With the new 10 year Damp Warranties now being offered, perhaps the dealers are being told to be more concientious in their damp testing to catch any problems early.

After all, if serious damp is found a few years into the warranty, the manufacturer is likely to look at who did the damp tests before paying out for repairs.

The Autotrail locker doors leaking do seem to be a design fault though, and ours now appear to be fixed OK after resealing the frame, the rubber seal, and the door rivets.


----------



## BnJ

Evs54 said:


> On our 3rd Autotrail no damp . If you had any serious damp you would have found it yourself before habitation check .Gas heating gives off damp , opened windows during damp weather gives off damp ,and many other factors .During winter lay up I use an electric fan heater helps circulate the air keeps everything nice and dry damp free .Could be they are just looking for work ? .


We also have run an electric fan heater (drier air than a gas heater) and also a dehumidifier when the weather was cold and damp The vehicle is parked in our drive and we monitor the temp and humidity inside it by a sensor which transmits the info to the house. And still damp meter readings of 50% plus were found in the walls we were told. What more could we have done I wonder. As for dealers looking for work, well who knows. I do have confidence (hopefully not misplaced) that the guy who showed us the problem will fix it. He said he has done many of these and has been surprised at how little sealant was used during the build on the vehicles he has repaired He also says that each vehicle he has repaired has never had a problem again as he takes the time to do it slowly and right. Fingers crossed eh?


----------



## Landyman

On our previous van, a Swift, the dealer reported damp in a side locker and got a local company to quote for drying out the walls with industrial dehumidifiers then resealing. They sent the details to Swift to get authorisation to carry out the repairs under warranty but forgot to notify us when they got the authorisation.
The locker was used to store hoses among other things and there was a little water left in the hose which hadn't helped. After a few weeks of warm dry weather the locker was dry as a bone again without any intervention.
The 'problem' never reappeared.  

Landyman.


----------



## Jezport

A lot of damp is just seasonal from not being used and will dry out if aired out.


----------



## DTPCHEMICALS

Jezport said:


> A lot of damp is just seasonal from not being used and will dry out if aired out.

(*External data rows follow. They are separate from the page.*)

lemma plotkin_fixed_column_bound:
  assumes "0 < q" "C \<subseteq> words q n" "min_dist_ge n C d" "i < n" "\<forall>u\<in>C. u i = a"
  shows "int (card C) * (int q * int d - (int q - 1) * (int n - 1)) \<le> int q * int d"
proof (cases "C = {}")
  case False
  then have N_pos: "int (card C) > 0"
    using finite_code[OF assms(2)] by (simp add: card_gt_0_iff)
  have "0 \<le> (\<Sum>j\<in>{..<n} - {i}. int q * coincidences C j j - int (card C) ^ 2)"
    using column_defect_nonneg[OF assms(1,2)] by (intro sum_nonneg) auto
  then have "int (card C) * (int q * (int (card C) - 1) * int d)
      \<le> int (card C) * ((int n - 1) * (int q - 1) * int (card C))"
    using plotkin_fixed_column_defect[OF assms(2-5)] by (simp add: power2_eq_square algebra_simps)
  then have "int q * (int (card C) - 1) * int d \<le> (int n - 1) * (int q - 1) * int (card C)"
    using N_pos by simp
  then show ?thesis by (simp add: algebra_simps)
qed simp

lemma plotkin_fixed_column_balanced:
  assumes "0 < q" "C \<subseteq> words q n" "min_dist_ge n C d" "i < n" "\<forall>u\<in>C. u i = a"
    and eq: "int (card C) * (int q * int d - (int q - 1) * (int n - 1)) = int q * int d"
    and "j < n" "j \<noteq> i" "b < q"
  shows "int q * int (card {u\<in>C. u j = b}) = int (card C)"
proof -
  define defect where "defect j = int q * coincidences C j j - int (card C) ^ 2" for j
  have nonneg: "\<forall>j\<in>{..<n} - {i}. 0 \<le> defect j"
    unfolding defect_def using column_defect_nonneg[OF assms(1,2)] by auto
  have "int (card C) * (int (card C) * (int q * int d - (int q - 1) * (int n - 1)))
      = int (card C) * (int q * int d)"
    by (simp only: eq)
  then have "int q * int (card C) * (int (card C) - 1) * int d = (int n - 1) * (int q - 1) * int (card C) ^ 2"
    by (simp add: power2_eq_square algebra_simps)
  then have "(\<Sum>j\<in>{..<n} - {i}. defect j) \<le> 0"
    using plotkin_fixed_column_defect[OF assms(2-5)] unfolding defect_def by simp
  then have "(\<Sum>j\<in>{..<n} - {i}. defect j) = 0"
    using nonneg by (intro order_antisym sum_nonneg) auto
  then have "defect j = 0"
    using sum_nonneg_eq_0_iff[of "{..<n} - {i}" defect] nonneg assms(7,8) by auto
  then have "(\<Sum>b<q. (int q * int (card {u\<in>C. u j = b}) - int (card C)) ^ 2) = 0"
    unfolding column_deviation[OF assms(2,7)] defect_def by simp
  then show ?thesis
    using sum_nonneg_eq_0_iff[of "{..<q}" "\<lambda>b. (int q * int (card {u\<in>C. u j = b}) - int (card C)) ^ 2"]
      assms(9) by simp
qed

section \<open>A code with \<open>q\<^sup>2 m - r\<close> words\<close>

locale large_code =
  fixes q n d m r :: nat and C :: "(nat \<Rightarrow> nat) set"
  assumes q_ge_2: "q \<ge> 2" and n_pos: "n > 0" and d_pos: "d > 0" and m_pos: "m > 0"
    and plotkin_eq: "int d = int m * (int q * int d - (int q - 1) * (int n - 1))"
    and not_dvd: "\<not> (int n - int d) dvd (int m * (int n - 1))"
    and r_ge_1: "1 \<le> r" and r_le: "r \<le> q - 1"
    and code: "C \<subseteq> words q n" and dist: "min_dist_ge n C d"
    and card_code: "int (card C) = int q ^ 2 * int m - int r"

begin

lemma finite_C: "finite C"
  using finite_code[OF code] .

lemma plotkin_gap_pos: "0 < int q * int d - (int q - 1) * (int n - 1)"
proof -
  have "0 < int m * (int q * int d - (int q - 1) * (int n - 1))"
    using plotkin_eq d_pos by simp
  then show ?thesis
    using m_pos by (simp add: zero_less_mult_iff)
qed

lemma r_less_q: "int r + 1 \<le> int q"
  using r_le q_ge_2 by linarith

lemma q_le_qm: "int q \<le> int q * int m"
  using m_pos by (simp add: mult_le_cancel_left1)

lemma plotkin_eq_alt: "(int q * int m - 1) * int d = int m * (int q - 1) * (int n - 1)"
  using plotkin_eq by (simp add: algebra_simps)

definition t :: int where "t = int n - int d"

lemma d_less_n: "d < n"
proof (rule ccontr)
  assume "\<not> d < n"
  then have "(int q - 1) * 1 \<le> (int q - 1) * (int d - int n + 1)"
    using q_ge_2 by (intro mult_left_mono) auto
  then have "int d + 1 \<le> int q * int d - (int q - 1) * (int n - 1)"
    using q_ge_2 by (simp add: algebra_simps)
  also have "\<dots> \<le> int m * (int q * int d - (int q - 1) * (int n - 1))"
    using m_pos plotkin_gap_pos by simp
  finally show False
    using plotkin_eq by simp
qed

lemma t_ge_2: "t \<ge> 2"
proof -
  have "t \<noteq> 1"
    using not_dvd unfolding t_def by auto
  then show ?thesis
    using d_less_n unfolding t_def by simp
qed

lemma agreement_le_t: "u \<in> C \<Longrightarrow> v \<in> C \<Longrightarrow> u \<noteq> v \<Longrightarrow> int (agreement n u v) \<le> t"
  using dist hamming_eq_length_minus_agreement[of n u v] unfolding min_dist_ge_def t_def by force

definition freq :: "nat \<Rightarrow> nat \<Rightarrow> int" where
  "freq i a = int (card {u\<in>C. u i = a})"

definition deficit :: "nat \<Rightarrow> nat \<Rightarrow> int" where
  "deficit i a = int q * int m - freq i a"

definition full_symbols :: "nat \<Rightarrow> nat set" where
  "full_symbols i = {a\<in>{..<q}. deficit i a = 0}"

lemma full_symbols_freq: "a \<in> full_symbols i \<Longrightarrow> freq i a = int q * int m"
  unfolding full_symbols_def deficit_def by simp

lemma freq_le: "i < n \<Longrightarrow> freq i a \<le> int q * int m"
proof -
  assume i: "i < n"
  let ?X = "int q * int d - (int q - 1) * (int n - 1)"
  have "freq i a * ?X \<le> int q * int d"
    unfolding freq_def using code dist q_ge_2
    by (intro plotkin_fixed_column_bound[OF _ _ _ i, of _ _ _ a]) (auto intro: min_dist_ge_subset)
  also have "\<dots> = (int q * int m) * ?X"
    by (subst plotkin_eq) simp
  finally show ?thesis
    using plotkin_gap_pos by simp
qed

lemma full_column_balanced:
  assumes i: "i < n" and full: "freq i a = int q * int m" and j: "j < n" "j \<noteq> i" and b: "b < q"
  shows "card {u\<in>C. u i = a \<and> u j = b} = m"
proof -
  let ?D = "{u\<in>C. u i = a}"
  have D: "?D \<subseteq> words q n" "min_dist_ge n ?D d" "\<forall>u\<in>?D. u i = a"
    using code dist by (auto intro: min_dist_ge_subset)
  have "int (card ?D) * (int q * int d - (int q - 1) * (int n - 1)) = int q * int d"
    using full unfolding freq_def by (subst (2) plotkin_eq) simp
  from plotkin_fixed_column_balanced[OF _ D(1,2) i D(3) this j b] q_ge_2 full
  have "int q * int (card {u\<in>?D. u j = b}) = int q * int m"
    unfolding freq_def by simp
  moreover have "{u\<in>?D. u j = b} = {u\<in>C. u i = a \<and> u j = b}"
    by auto
  ultimately show ?thesis
    using q_ge_2 by simp
qed

lemma deficit_nonneg: "i < n \<Longrightarrow> 0 \<le> deficit i a"
  using freq_le unfolding deficit_def by simp

lemma sum_deficit: "i < n \<Longrightarrow> (\<Sum>a<q. deficit i a) = int r"
proof -
  assume i: "i < n"
  have "(\<Sum>a<q. freq i a) = int (card C)"
    unfolding freq_def by (rule sum_card_fibers[OF finite_C]) (use code words_less i in auto)
  then show ?thesis
    using card_code unfolding deficit_def by (simp add: sum_subtractf power2_eq_square algebra_simps)
qed

definition sq_deficit :: "nat \<Rightarrow> int" where
  "sq_deficit i = (\<Sum>a<q. deficit i a ^ 2)"

lemma sq_deficit_le: "i < n \<Longrightarrow> sq_deficit i \<le> int r ^ 2"
proof -
  assume i: "i < n"
  have "deficit i a ^ 2 \<le> int r * deficit i a" if "a < q" for a
  proof -
    have "deficit i a \<le> (\<Sum>b<q. deficit i b)"
      using that deficit_nonneg[OF i] by (intro member_le_sum) auto
    then show ?thesis
      using sum_deficit[OF i] deficit_nonneg[OF i, of a] by (simp add: power2_eq_square mult_right_mono)
  qed
  then have "sq_deficit i \<le> (\<Sum>a<q. int r * deficit i a)"
    unfolding sq_deficit_def by (intro sum_mono) auto
  then show ?thesis
    using sum_deficit[OF i] by (simp add: sum_distrib_left[symmetric] power2_eq_square)
qed

lemma coincidences_diag:
  "i < n \<Longrightarrow> coincidences C i i = int q ^ 3 * int m ^ 2 - 2 * int q * int m * int r + sq_deficit i"
proof -
  assume i: "i < n"
  have "coincidences C i i = (\<Sum>a<q. (int q * int m - deficit i a) ^ 2)"
    using coincidences_diag_eq_sum_card_sq[OF code i] unfolding deficit_def freq_def by simp
  also have "\<dots> = (\<Sum>a<q. (int q * int m) ^ 2 - 2 * (int q * int m) * deficit i a + deficit i a ^ 2)"
    by (intro sum.cong refl) (simp add: power2_eq_square algebra_simps)
  also have "\<dots> = int q * (int q * int m) ^ 2 - 2 * (int q * int m) * int r + sq_deficit i"
    unfolding sq_deficit_def using sum_deficit[OF i]
    by (simp add: sum.distrib sum_subtractf sum_distrib_left[symmetric])
  finally show ?thesis
    by (simp add: power2_eq_square power3_eq_cube algebra_simps)
qed

lemma coincidences_ge:
  assumes "i < n" "j < n"
  shows "int q ^ 2 * int m ^ 2 - (2 * int m - 1) * int r \<le> coincidences C i j"
proof -
  let ?K = "{..<q} \<times> {..<q}"
  define c where "c k = int (card {u\<in>C. (u i, u j) = k})" for k
  have sum_c: "(\<Sum>k\<in>?K. c k) = int (card C)"
    unfolding c_def by (rule sum_card_fibers[OF finite_C]) (use code words_less assms in auto)
  have "int q ^ 2 * int m ^ 2 - (2 * int m - 1) * int r
      = (2 * int m - 1) * int (card C) - int (card ?K) * (int m * (int m - 1))"
    by (simp add: card_code card_cartesian_product power2_eq_square algebra_simps)
  also have "\<dots> = (2 * int m - 1) * (\<Sum>k\<in>?K. c k) - int (card ?K) * (int m * (int m - 1))"
    by (simp only: sum_c)
  also have "\<dots> \<le> (\<Sum>k\<in>?K. c k ^ 2)"
    by (rule sum_power2_ge_affine) simp
  also have "\<dots> = coincidences C i j"
    unfolding c_def coincidences_eq_sum_card_sq[OF code assms] ..
  finally show ?thesis .
qed

definition bad :: "(nat \<Rightarrow> nat) \<Rightarrow> (nat \<Rightarrow> nat) \<Rightarrow> bool" where
  "bad u v \<longleftrightarrow> u \<noteq> v \<and> 0 < agreement n u v \<and> int (agreement n u v) < t"

definition bad_pairs :: "((nat \<Rightarrow> nat) \<times> (nat \<Rightarrow> nat)) set" where
  "bad_pairs = {p \<in> C \<times> C. bad (fst p) (snd p)}"

lemma bad_commute: "bad u v \<Longrightarrow> bad v u"
  unfolding bad_def using agreement_commute by metis

lemma card_bad_pairs_eq_sum: "int (card bad_pairs) = (\<Sum>u\<in>C. \<Sum>v\<in>C. of_bool (bad u v))"
proof -
  have "int (card bad_pairs) = (\<Sum>p\<in>C \<times> C. of_bool (bad (fst p) (snd p)))"
    unfolding bad_pairs_def by (rule card_filter_eq_sum_of_bool) (simp add: finite_C)
  then show ?thesis
    by (simp only: sum.cartesian_product split_def)
qed

lemma sum_sum_agreement_gap_ge:
  "(t - 1) * int (card bad_pairs) - int (card C) * int n * int d
     \<le> (\<Sum>u\<in>C. \<Sum>v\<in>C. int (agreement n u v) * (t - int (agreement n u v)))"
proof -
  have "(t - 1) * of_bool (bad u v) - (if u = v then int n * int d else 0)
      \<le> int (agreement n u v) * (t - int (agreement n u v))" if "u \<in> C" "v \<in> C" for u v
  proof (cases "u = v")
    case True
    then show ?thesis by (simp add: agreement_self bad_def t_def)
  next
    case False
    define a where "a = int (agreement n u v)"
    have "0 \<le> a" "a \<le> t"
      using agreement_le_t[OF that False] unfolding a_def by auto
    moreover have "bad u v \<longleftrightarrow> 0 < a \<and> a < t"
      using False unfolding bad_def a_def by simp
    ultimately consider "bad u v" "1 \<le> a" "a \<le> t - 1" | "\<not> bad u v" "a = 0 \<or> a = t"
      by linarith
    then show ?thesis
    proof cases
      case 1
      then have "0 \<le> (a - 1) * (t - 1 - a)"
        by simp
      then show ?thesis
        using 1 False unfolding a_def[symmetric] by (simp add: algebra_simps)
    next
      case 2
      then show ?thesis
        using False unfolding a_def[symmetric] by auto
    qed
  qed
  then have "(\<Sum>u\<in>C. \<Sum>v\<in>C. (t - 1) * of_bool (bad u v) - (if u = v then int n * int d else 0))
      \<le> (\<Sum>u\<in>C. \<Sum>v\<in>C. int (agreement n u v) * (t - int (agreement n u v)))"
    by (intro sum_mono) auto
  then show ?thesis
    by (simp add: sum_subtractf sum_distrib_left[symmetric] card_bad_pairs_eq_sum finite_C)
qed

lemma sum_coincidences_ge:
  "(\<Sum>i<n. coincidences C i i) + int n * (int n - 1) * (int q ^ 2 * int m ^ 2 - (2 * int m - 1) * int r)
     \<le> (\<Sum>i<n. \<Sum>j<n. coincidences C i j)"
proof -
  let ?L = "int q ^ 2 * int m ^ 2 - (2 * int m - 1) * int r"
  have "coincidences C i i + (int n - 1) * ?L \<le> (\<Sum>j<n. coincidences C i j)" if i: "i < n" for i
  proof -
    have "(int n - 1) * ?L = (\<Sum>j\<in>{..<n} - {i}. ?L)"
      using i by (simp add: of_nat_diff)
    also have "\<dots> \<le> (\<Sum>j\<in>{..<n} - {i}. coincidences C i j)"
      using coincidences_ge[OF i] by (intro sum_mono) auto
    finally show ?thesis
      using i by (simp add: sum.remove)
  qed
  then have "(\<Sum>i<n. coincidences C i i + (int n - 1) * ?L) \<le> (\<Sum>i<n. \<Sum>j<n. coincidences C i j)"
    by (intro sum_mono) auto
  then show ?thesis
    by (simp add: sum.distrib)
qed

lemma counting_identity:
  "(t - 1) * (int q ^ 3 * int m ^ 2 - 2 * int q * int m * int r + int r)
     = (int n - 1) * (int q ^ 2 * int m ^ 2 - (2 * int m - 1) * int r) - int d * (int q ^ 2 * int m - int r)"
proof -
  have "(t - 1) * (int q ^ 3 * int m ^ 2 - 2 * int q * int m * int r + int r)
      - ((int n - 1) * (int q ^ 2 * int m ^ 2 - (2 * int m - 1) * int r) - int d * (int q ^ 2 * int m - int r))
      = (int q ^ 2 * int m - 2 * int r) * (int m * (int q - 1) * (int n - 1) - (int q * int m - 1) * int d)"
    unfolding t_def by (simp add: algebra_simps power2_eq_square power3_eq_cube)
  also have "\<dots> = 0"
    using plotkin_eq_alt by simp
  finally show ?thesis
    by simp
qed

This appears to be correct. Last week I removed the breathable cover which has been on our MH since early October. Last week I checked all round door frame window frames etc and came up with readings between 0 and in one spot 15%.
Today I have checked again and all the readings are 0 to less than5%.

Dave p


----------



## HyFy

*Amazingly damp agent...*

Hi

I've just given up with the agent from whom I bought my new Auto-Trail last year. I just wish they could be a bit more enthusiastic about turning the sow's ear they sold me with much enthusiasm into more of a silk purse.

I will be pursuing Auto-Trail on Monday but as they have been shadowing the emails I don't expect too much. I have had many warranty issues some of which they have sorted by wholesale replacement of modules/units/equipment. Why is the vehicle so much rubbish? I don't want all you continental vehicle owners coming the cr.. I used to live in France and owned one such "continental vehicle..."

It costs me £180 for each delivery/collection of the vehicle and that doesn't include the hours spent emptying and re-loading the vehicle and of course the time spent for two of us driving to and from the dealers.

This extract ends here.